(* Every linear SEM-UR satisfying bottleneck faithfulness also satisfies SEM-UR faithfulness (parts (a), (b1), (b2)). The converse fails: there is a linear SEM-UR satisfying SEM-UR faithfulness but violating bottleneck faithfulness (e.g. three latent $H_1,H_2,H_3$, four observed $X_1,\dots,X_4$, $\mathbf A=\mathbf 0$ and $\mathbf B=\begin{bmatrix}0&1&-1\\2&2&0\\3&3&0\\4&0&4\end{bmatrix}$).
   Context: Linear SEM-UR: observed $X_1,\dots,X_q$, latent $H_1,\dots,H_l$, $H=N_H$, $X=\mathbf BH+\mathbf AX+N_X$, $\mathbf A$ strictly lower triangular, independent noises; the causal diagram is the DAG with edge $H_i\to X_j$ of weight $b_{ji}$ iff $b_{ji}\ne0$ and $X_k\to X_j$ of weight $a_{jk}$ iff $a_{jk}\ne0$. Mixing matrix $\mathbf W^{UR}=[(\mathbf I-\mathbf A)^{-1}\mathbf B\;\;(\mathbf I-\mathbf A)^{-1}]$; its $(X_j,N_V)$ entry is the total causal effect of $V$ on $X_j$ (sum over directed paths of products of weights; $1$ if $V=X_j$). Bottleneck faithfulness: for sets $\mathcal J\subseteq\mathcal H\cup\mathcal X$ and $\mathcal K\subseteq\mathcal X$, a bottleneck from $\mathcal J$ to $\mathcal K$ is a set of variables meeting every directed path from an element of $\mathcal J$ to an element of $\mathcal K$, and a minimal bottleneck is one of smallest size. The model satisfies bottleneck faithfulness if for all such $\mathcal J,\mathcal K$ the rank of the submatrix $\mathbf W^{\mathcal J}_{\mathcal K}$ of total causal effects from the variables of $\mathcal J$ to those of $\mathcal K$ equals the size of a minimal bottleneck from $\mathcal J$ to $\mathcal K$. $Pa,Ch,De$: parents, children, descendants ($De(V)$ excludes $V$). $\mathrm{TC}(V,\mathcal V)$: vector of total causal effects of $V$ on the elements of $\mathcal V$. Possible children of $V_i$: $De(V_i)$ together with all latent $H\neq V_i$ with $Ch(H)\subseteq De(V_i)$. SEM-UR faithfulness: (a) the total causal effect of any observed or latent variable on any of its descendants is nonzero; (b1) for each $V_i$, $\mathrm{TC}(V_i,De(V_i))$ is not in the span of any $k\le|Ch(V_i)|$ vectors of $\{\mathrm{TC}(V,De(V_i)):V$ a possible child of $V_i\}$, except when $k=|Ch(V_i)|$ and every latent $H_l$ among them has $Ch(H_l)\subseteq Ch(V_i)$; (b2) if $V_i$ is latent then for each child $X_j$, $\mathrm{TC}(V_i,De(V_i)\setminus\{X_j\})$ is not in the span of any $k\le|Ch(X_j)\cup Ch(V_i)|-1$ vectors of $\{\mathrm{TC}(V,De(V_i)\setminus\{X_j\}):V$ a possible child of $X_j\}$, except when $k=|Ch(X_j)\cup Ch(V_i)|-1$ and every latent $H_l$ among them has $Ch(H_l)\subseteq Ch(X_j)\cup Ch(V_i)$. *)

theory Defs
  imports Complex_Main
begin

text \<open>Variables of a linear SEM-UR: latent H i (i < l) and observed X j (j < q),
  indexed from 0.\<close>
datatype var = H nat | X nat

text \<open>A linear SEM-UR with q observed and l latent variables is given by the
  coefficient matrices A (q x q, strictly lower triangular) and B (q x l):
  X = B H + A X + N_X, H = N_H.\<close>
definition sem_ur :: "nat \<Rightarrow> nat \<Rightarrow> (nat \<Rightarrow> nat \<Rightarrow> real) \<Rightarrow> (nat \<Rightarrow> nat \<Rightarrow> real) \<Rightarrow> bool" where
  "sem_ur q l A B \<longleftrightarrow>
     (\<forall>j k. A j k \<noteq> 0 \<longrightarrow> k < j \<and> j < q) \<and>
     (\<forall>j i. B j i \<noteq> 0 \<longrightarrow> j < q \<and> i < l)"

definition vars :: "nat \<Rightarrow> nat \<Rightarrow> var set" where
  "vars q l = {H i | i. i < l} \<union> {X j | j. j < q}"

-- -- --

Look through the records and gather every line containing "longrightarrow".

Result of this exercise:
     (\<forall>j k. A j k \<noteq> 0 \<longrightarrow> k < j \<and> j < q) \<and>
     (\<forall>j i. B j i \<noteq> 0 \<longrightarrow> j < q \<and> i < l)"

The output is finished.